DATA SECTION
(* Let $n, m \in \mathbb{N}$ with $n \ge 1$, let $N_1,\dots,N_n \in \mathbb{N}$, let $k_{i,j}, q_{i,j} \in \mathbb{R}$ for $i \in [n]$, $j \in [N_i]$, let $f_1,\dots,f_m \in \mathbb{R}[x_1,\dots,x_n]$ and $p_1,\dots,p_m \in \mathbb{R}$, let $M \in \mathbb{R}_+$, and let $\varphi:\mathbb{R}^n_+ \to \mathbb{R}_+$ be a continuous piecewise polynomial payoff function. Let $d$ be the smallest even integer with $d \ge \max_{i,j,\ell}\{\deg(\varphi),\deg(f_{i,j}),\deg(f_\ell)\}+1$, where $f_{i,j}(\mathbf{x})=\max(0,x_i-k_{i,j})$. Consider the problem of maximizing (respectively minimizing) $\int_{\mathbb{R}^n_+}\varphi\,\mathrm{d}\mu$ over positive finite Borel measures $\mu$ on $\mathbb{R}^n_+$ subject to $\int \max(0,x_i-k_{i,j})\,\mathrm{d}\mu = q_{i,j}$ for all $i\in[n]$, $j\in[N_i]$; $\int f_\ell\,\mathrm{d}\mu = p_\ell$ for all $\ell\in[m]$; $\int\mathrm{d}\mu = 1$; and $\int \|\mathbf{x}\|_2^d\,\mathrm{d}\mu \le M$. If this problem is feasible, then its optimal value is attained by an atomic measure with finitely many atoms, namely at most $n\sum_{i=1}^n N_i + m + 3$ atoms.
   Context: $\mathbb{R}_+=[0,\infty)$, $[N]=\{1,\dots,N\}$, $\|\cdot\|_2$ is the Euclidean norm. An atomic measure with finitely many atoms is a finite nonnegative combination $\sum_j \alpha_j\delta_{\mathbf{x}_j}$ of Dirac measures. For a piecewise polynomial function, $\deg$ denotes the largest degree of its polynomial pieces. *)

theory Defs
  imports "HOL-Analysis.Analysis"
begin

definition nonneg_orthant :: "(real ^ 'n) set" where
  "nonneg_orthant = {x. \<forall>i. 0 \<le> x $ i}"

definition is_poly_deg :: "nat \<Rightarrow> (real ^ 'n \<Rightarrow> real) \<Rightarrow> bool" where
  "is_poly_deg D f \<longleftrightarrow>
     (\<exists>c :: ('n \<Rightarrow> nat) \<Rightarrow> real.
        f = (\<lambda>x. \<Sum>\<alpha>\<in>{\<alpha>::'n\<Rightarrow>nat. sum \<alpha> UNIV \<le> D}. c \<alpha> * (\<Prod>i\<in>UNIV. (x $ i) ^ \<alpha> i)))"

definition is_poly :: "(real ^ 'n \<Rightarrow> real) \<Rightarrow> bool" where
  "is_poly f \<longleftrightarrow> (\<exists>D. is_poly_deg D f)"

definition poly_deg :: "(real ^ 'n \<Rightarrow> real) \<Rightarrow> nat" where
  "poly_deg f = (LEAST D. is_poly_deg D f)"

definition is_pw_poly_deg :: "(real ^ 'n) set \<Rightarrow> nat \<Rightarrow> (real ^ 'n \<Rightarrow> real) \<Rightarrow> bool" where
  "is_pw_poly_deg S D \<phi> \<longleftrightarrow>
     (\<exists>P :: ((real ^ 'n) set \<times> (real ^ 'n \<Rightarrow> real)) set.
        finite P \<and> S \<subseteq> (\<Union>(A, g)\<in>P. A) \<and>
        (\<forall>(A, g)\<in>P. is_poly_deg D g \<and> (\<forall>x\<in>A \<inter> S. \<phi> x = g x)))"

definition is_pw_poly :: "(real ^ 'n) set \<Rightarrow> (real ^ 'n \<Rightarrow> real) \<Rightarrow> bool" where
  "is_pw_poly S \<phi> \<longleftrightarrow> (\<exists>D. is_pw_poly_deg S D \<phi>)"

definition pw_poly_deg :: "(real ^ 'n) set \<Rightarrow> (real ^ 'n \<Rightarrow> real) \<Rightarrow> nat" where
  "pw_poly_deg S \<phi> = (LEAST D. is_pw_poly_deg S D \<phi>)"

definition feasible_measures ::
  "('n \<Rightarrow> nat) \<Rightarrow> ('n \<Rightarrow> nat \<Rightarrow> real) \<Rightarrow> ('n \<Rightarrow> nat \<Rightarrow> real) \<Rightarrow> nat \<Rightarrow>
   (nat \<Rightarrow> real ^ 'n \<Rightarrow> real) \<Rightarrow> (nat \<Rightarrow> real) \<Rightarrow> real \<Rightarrow> nat \<Rightarrow> (real ^ 'n \<Rightarrow> real) \<Rightarrow>
   (real ^ 'n) measure set" where
  "feasible_measures N k q m f p M d \<phi> =
     {\<mu>. sets \<mu> = sets borel \<and> finite_measure \<mu> \<and>
          emeasure \<mu> (UNIV - nonneg_orthant) = 0 \<and>
          integrable \<mu> \<phi> \<and>
          (\<forall>i. \<forall>j\<in>{1..N i}. integrable \<mu> (\<lambda>x. max 0 (x $ i - k i j)) \<and>
                 (\<integral>x. max 0 (x $ i - k i j) \<partial>\<mu>) = q i j) \<and>
          (\<forall>l\<in>{1..m}. integrable \<mu> (f l) \<and> (\<integral>x. f l x \<partial>\<mu>) = p l) \<and>
          emeasure \<mu> (space \<mu>) = 1 \<and>
          (\<integral>\<^sup>+x. ennreal (norm x ^ d) \<partial>\<mu>) \<le> ennreal M}"

definition atomic_measure_le :: "nat \<Rightarrow> (real ^ 'n) measure \<Rightarrow> bool" where
  "atomic_measure_le K \<mu> \<longleftrightarrow>
     (\<exists>X :: (real ^ 'n) set. \<exists>\<alpha> :: real ^ 'n \<Rightarrow> real.
        finite X \<and> card X \<le> K \<and> (\<forall>x\<in>X. 0 \<le> \<alpha> x) \<and> sets \<mu> = sets borel \<and>
        (\<forall>A\<in>sets borel. emeasure \<mu> A = (\<Sum>x\<in>X \<inter> A. ennreal (\<alpha> x))))"

end

theory Submission
  imports Defs "HOL-Probability.Probability"
begin

text \<open>Every test function of the problem (the call payoffs, the polynomials f l, the
  objective, the constant 1 and the norm to the power d) is integrable against a feasible measure, and
  by Richter's theorem its vector of integrals is that of a finitely supported probability measure on
  the orthant; Caratheodory's theorem cuts the support down to K = sum N + m + 3 atoms. Hence the
  problem over measures has the same values as the problem over configurations of K weighted atoms.
  A maximising sequence of configurations has a subsequence along which each atom either converges
  or escapes to infinity. The moment bound makes the weight of an escaping atom at most
  M / norm x ^ d, so its contribution to every test function of degree less than d vanishes in the
  limit; the limit configuration is therefore feasible and optimal, and it is an atomic measure.\<close>

section \<open>Convex cones in coordinate space\<close>

text \<open>The coordinate space of a finite index set I is modelled by the functions vanishing
  outside I.\<close>

definition supported_on :: "'c set \<Rightarrow> ('c \<Rightarrow> real) \<Rightarrow> bool" where
  "supported_on I x \<longleftrightarrow> (\<forall>i. i \<notin> I \<longrightarrow> x i = 0)"

lemma supported_on_intros:
  "supported_on I (\<lambda>i. 0)"
  "supported_on I x \<Longrightarrow> supported_on I y \<Longrightarrow> supported_on I (\<lambda>i. x i + y i)"
  "supported_on I x \<Longrightarrow> supported_on I (\<lambda>i. - x i)"
  "supported_on I x \<Longrightarrow> supported_on I (\<lambda>i. s * x i)"
  by (auto simp: supported_on_def)

lemma supported_on_mono: "supported_on I x \<Longrightarrow> I \<subseteq> J \<Longrightarrow> supported_on J x"
  by (auto simp: supported_on_def)

lemma sublinear_odd_imp_linear:
  fixes \<tau> :: "('c \<Rightarrow> real) \<Rightarrow> real"
  assumes subadd: "\<And>y z. supported_on I y \<Longrightarrow> supported_on I z \<Longrightarrow> \<tau> (\<lambda>i. y i + z i) \<le> \<tau> y + \<tau> z"
    and neg: "\<And>y. supported_on I y \<Longrightarrow> \<tau> (\<lambda>i. - y i) \<le> - \<tau> y"
    and pos_hom: "\<And>y s. supported_on I y \<Longrightarrow> 0 < s \<Longrightarrow> \<tau> (\<lambda>i. s * y i) \<le> s * \<tau> y"
    and y: "supported_on I y" "supported_on I z"
  shows "\<tau> (\<lambda>i. y i + z i) = \<tau> y + \<tau> z" and "\<tau> (\<lambda>i. s * y i) = s * \<tau> y"
proof -
  have odd: "\<tau> (\<lambda>i. - y i) = - \<tau> y" if "supported_on I y" for y
  proof -
    have "\<tau> (\<lambda>i. 0) \<le> \<tau> (\<lambda>i. 0) + \<tau> (\<lambda>i. 0)" "\<tau> (\<lambda>i. - 0) \<le> - \<tau> (\<lambda>i. 0)"
      using subadd[of "\<lambda>i. 0" "\<lambda>i. 0"] neg[of "\<lambda>i. 0"] by (simp_all add: supported_on_intros)
    then have "\<tau> (\<lambda>i. 0) = 0" by simp
    moreover have "\<tau> (\<lambda>i. y i + - y i) \<le> \<tau> y + \<tau> (\<lambda>i. - y i)"
      using subadd that supported_on_intros by blast
    ultimately show ?thesis using neg[OF that] by simp
  qed
  have "- \<tau> (\<lambda>i. y i + z i) = \<tau> (\<lambda>i. - y i + - z i)"
    using odd[of "\<lambda>i. y i + z i"] y by (simp add: supported_on_intros)
  also have "\<dots> \<le> - \<tau> y - \<tau> z"
    using subadd[of "\<lambda>i. - y i" "\<lambda>i. - z i"] odd y by (simp add: supported_on_intros)
  finally show "\<tau> (\<lambda>i. y i + z i) = \<tau> y + \<tau> z" using subadd[OF y] by simp
  have pos: "\<tau> (\<lambda>i. s * y i) = s * \<tau> y" if "0 < s" for s
  proof -
    have "\<tau> (\<lambda>i. (1 / s) * (s * y i)) \<le> (1 / s) * \<tau> (\<lambda>i. s * y i)"
      using pos_hom[of "\<lambda>i. s * y i" "1 / s"] y that by (simp add: supported_on_intros)
    then have "s * \<tau> y \<le> \<tau> (\<lambda>i. s * y i)" using that by (simp add: field_simps)
    with pos_hom[OF y(1) that] show ?thesis by simp
  qed
  consider "0 < s" | "s = 0" | "s < 0" by linarith
  then show "\<tau> (\<lambda>i. s * y i) = s * \<tau> y"
  proof cases
    case 2
    then show ?thesis using odd[of "\<lambda>i. 0"] by (simp add: supported_on_intros)
  next
    case 3
    have "\<tau> (\<lambda>i. s * y i) = - \<tau> (\<lambda>i. (- s) * y i)"
      using odd[of "\<lambda>i. (- s) * y i"] y by (simp add: supported_on_intros)
    then show ?thesis using pos[of "- s"] 3 by simp
  qed (use pos in simp)
qed

lemma linear_functional_coordinates:
  fixes \<tau> :: "('c \<Rightarrow> real) \<Rightarrow> real"
  assumes "finite I"
    and add: "\<And>y z. supported_on I y \<Longrightarrow> supported_on I z \<Longrightarrow> \<tau> (\<lambda>i. y i + z i) = \<tau> y + \<tau> z"
    and hom: "\<And>y s. supported_on I y \<Longrightarrow> \<tau> (\<lambda>i. s * y i) = s * \<tau> y"
    and y: "supported_on I y"
  shows "\<tau> y = (\<Sum>i\<in>I. y i * \<tau> (indicator {i}))"
proof -
  have sums: "\<tau> (\<lambda>k. \<Sum>i\<in>F. y i * indicator {i} k) = (\<Sum>i\<in>F. y i * \<tau> (indicator {i}))"
    if "F \<subseteq> I" for F
    using finite_subset[OF that \<open>finite I\<close>] that
  proof (induction F rule: finite_induct)
    case empty
    then show ?case using hom[of "\<lambda>i. 0" 0] by (simp add: supported_on_intros)
  next
    case (insert i F)
    have "supported_on I (\<lambda>k. \<Sum>i\<in>F. y i * indicator {i} k)" "supported_on I (indicator {i})"
      using insert by (auto simp: supported_on_def indicator_def intro!: sum.neutral)
    then have "\<tau> (\<lambda>k. y i * indicator {i} k + (\<Sum>i\<in>F. y i * indicator {i} k))
        = \<tau> (\<lambda>k. y i * indicator {i} k) + \<tau> (\<lambda>k. \<Sum>i\<in>F. y i * indicator {i} k)"
      using add \<open>supported_on I (\<lambda>k. \<Sum>i\<in>F. y i * indicator {i} k)\<close>
        supported_on_intros(4)[OF \<open>supported_on I (indicator {i})\<close>] by blast
    also have "\<tau> (\<lambda>k. y i * indicator {i} k) = y i * \<tau> (indicator {i})"
      using hom \<open>supported_on I (indicator {i})\<close> by blast
    finally have "\<tau> (\<lambda>k. y i * indicator {i} k + (\<Sum>i\<in>F. y i * indicator {i} k))
        = y i * \<tau> (indicator {i}) + \<tau> (\<lambda>k. \<Sum>i\<in>F. y i * indicator {i} k)" .
    moreover have "\<tau> (\<lambda>k. \<Sum>i\<in>F. y i * indicator {i} k) = (\<Sum>i\<in>F. y i * \<tau> (indicator {i}))"
      using insert.IH insert.prems by simp
    ultimately show ?case
      by (simp only: sum.insert[OF insert(1,2)])
  qed
  have "(\<lambda>k. \<Sum>i\<in>I. y i * indicator {i} k) = y"
  proof
    fix k
    have "(\<Sum>i\<in>I. y i * indicator {i} k) = (\<Sum>i\<in>I. if i = k then y k else 0)"
      by (intro sum.cong) (auto simp: indicator_def)
    then show "(\<Sum>i\<in>I. y i * indicator {i} k) = y k"
      using y \<open>finite I\<close> by (auto simp: supported_on_def)
  qed
  with sums[OF order_refl] show ?thesis by simp
qed

definition coord_cone :: "'c set \<Rightarrow> ('c \<Rightarrow> real) set \<Rightarrow> bool" where
  "coord_cone I D \<longleftrightarrow> (\<forall>x\<in>D. supported_on I x) \<and> (\<forall>x\<in>D. \<forall>y\<in>D. (\<lambda>i. x i + y i) \<in> D) \<and>
     (\<forall>x\<in>D. \<forall>s\<ge>0. (\<lambda>i. s * x i) \<in> D)"

definition total_cone :: "'c set \<Rightarrow> ('c \<Rightarrow> real) set \<Rightarrow> bool" where
  "total_cone I D \<longleftrightarrow> coord_cone I D \<and> (\<forall>x. supported_on I x \<longrightarrow> x \<in> D \<or> (\<lambda>i. - x i) \<in> D)"

lemma coord_coneD:
  assumes "coord_cone I D"
  shows "x \<in> D \<Longrightarrow> supported_on I x"
    and "x \<in> D \<Longrightarrow> y \<in> D \<Longrightarrow> (\<lambda>i. x i + y i) \<in> D"
    and "x \<in> D \<Longrightarrow> 0 \<le> s \<Longrightarrow> (\<lambda>i. s * x i) \<in> D"
  using assms by (auto simp: coord_cone_def)

lemma cone_section_infimum:
  fixes D :: "('c \<Rightarrow> real) set"
  assumes D: "coord_cone J D" and u: "u \<in> D" "(\<lambda>i. - u i) \<notin> D"
    and lift: "\<And>y. supported_on I y \<Longrightarrow> \<exists>t. (\<lambda>i. y i + t * u i) \<in> D"
  obtains \<tau> where "\<And>y t. supported_on I y \<Longrightarrow> \<tau> y < t \<Longrightarrow> (\<lambda>i. y i + t * u i) \<in> D"
    and "\<And>y t. supported_on I y \<Longrightarrow> (\<lambda>i. y i + t * u i) \<in> D \<Longrightarrow> \<tau> y \<le> t"
proof -
  define T where "T y = {t. (\<lambda>i. y i + t * u i) \<in> D}" for y
  have up: "t' \<in> T y" if "t \<in> T y" "t \<le> t'" for y t t'
  proof -
    have "(\<lambda>i. (y i + t * u i) + (t' - t) * u i) \<in> D"
      using that u coord_coneD[OF D] by (simp add: T_def)
    then show ?thesis by (simp add: T_def algebra_simps)
  qed
  have bdd: "bdd_below (T y)" if y: "supported_on I y" for y
  proof (rule ccontr)
    assume "\<not> bdd_below (T y)"
    moreover obtain s where s: "s \<in> T (\<lambda>i. - y i)"
      using lift[OF supported_on_intros(3)[OF y]] by (auto simp: T_def)
    ultimately obtain t where "t \<in> T y" "t < - s - 1"
      unfolding bdd_below_def by (metis not_le)
    then have "(\<lambda>i. y i + (- s - 1) * u i) \<in> D" using up by (simp add: T_def)
    from coord_coneD(2)[OF D this, of "\<lambda>i. - y i + s * u i"] s
    have "(\<lambda>i. - u i) \<in> D" by (simp add: T_def algebra_simps)
    with u show False by simp
  qed
  show thesis
  proof
    fix y t assume y: "supported_on I y"
    have ne: "T y \<noteq> {}" using lift[OF y] by (auto simp: T_def)
    show "(\<lambda>i. y i + t * u i) \<in> D" if "Inf (T y) < t"
      using that up cInf_less_iff[OF ne bdd[OF y]] by (auto simp: T_def)
    show "Inf (T y) \<le> t" if "(\<lambda>i. y i + t * u i) \<in> D"
      using that cInf_lower[OF _ bdd[OF y]] by (simp add: T_def)
  qed
qed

WORK INSTRUCTIONS
For the listing above, state the number of lines that contain the word "partial" and nothing more.

EXERCISE RESULT
3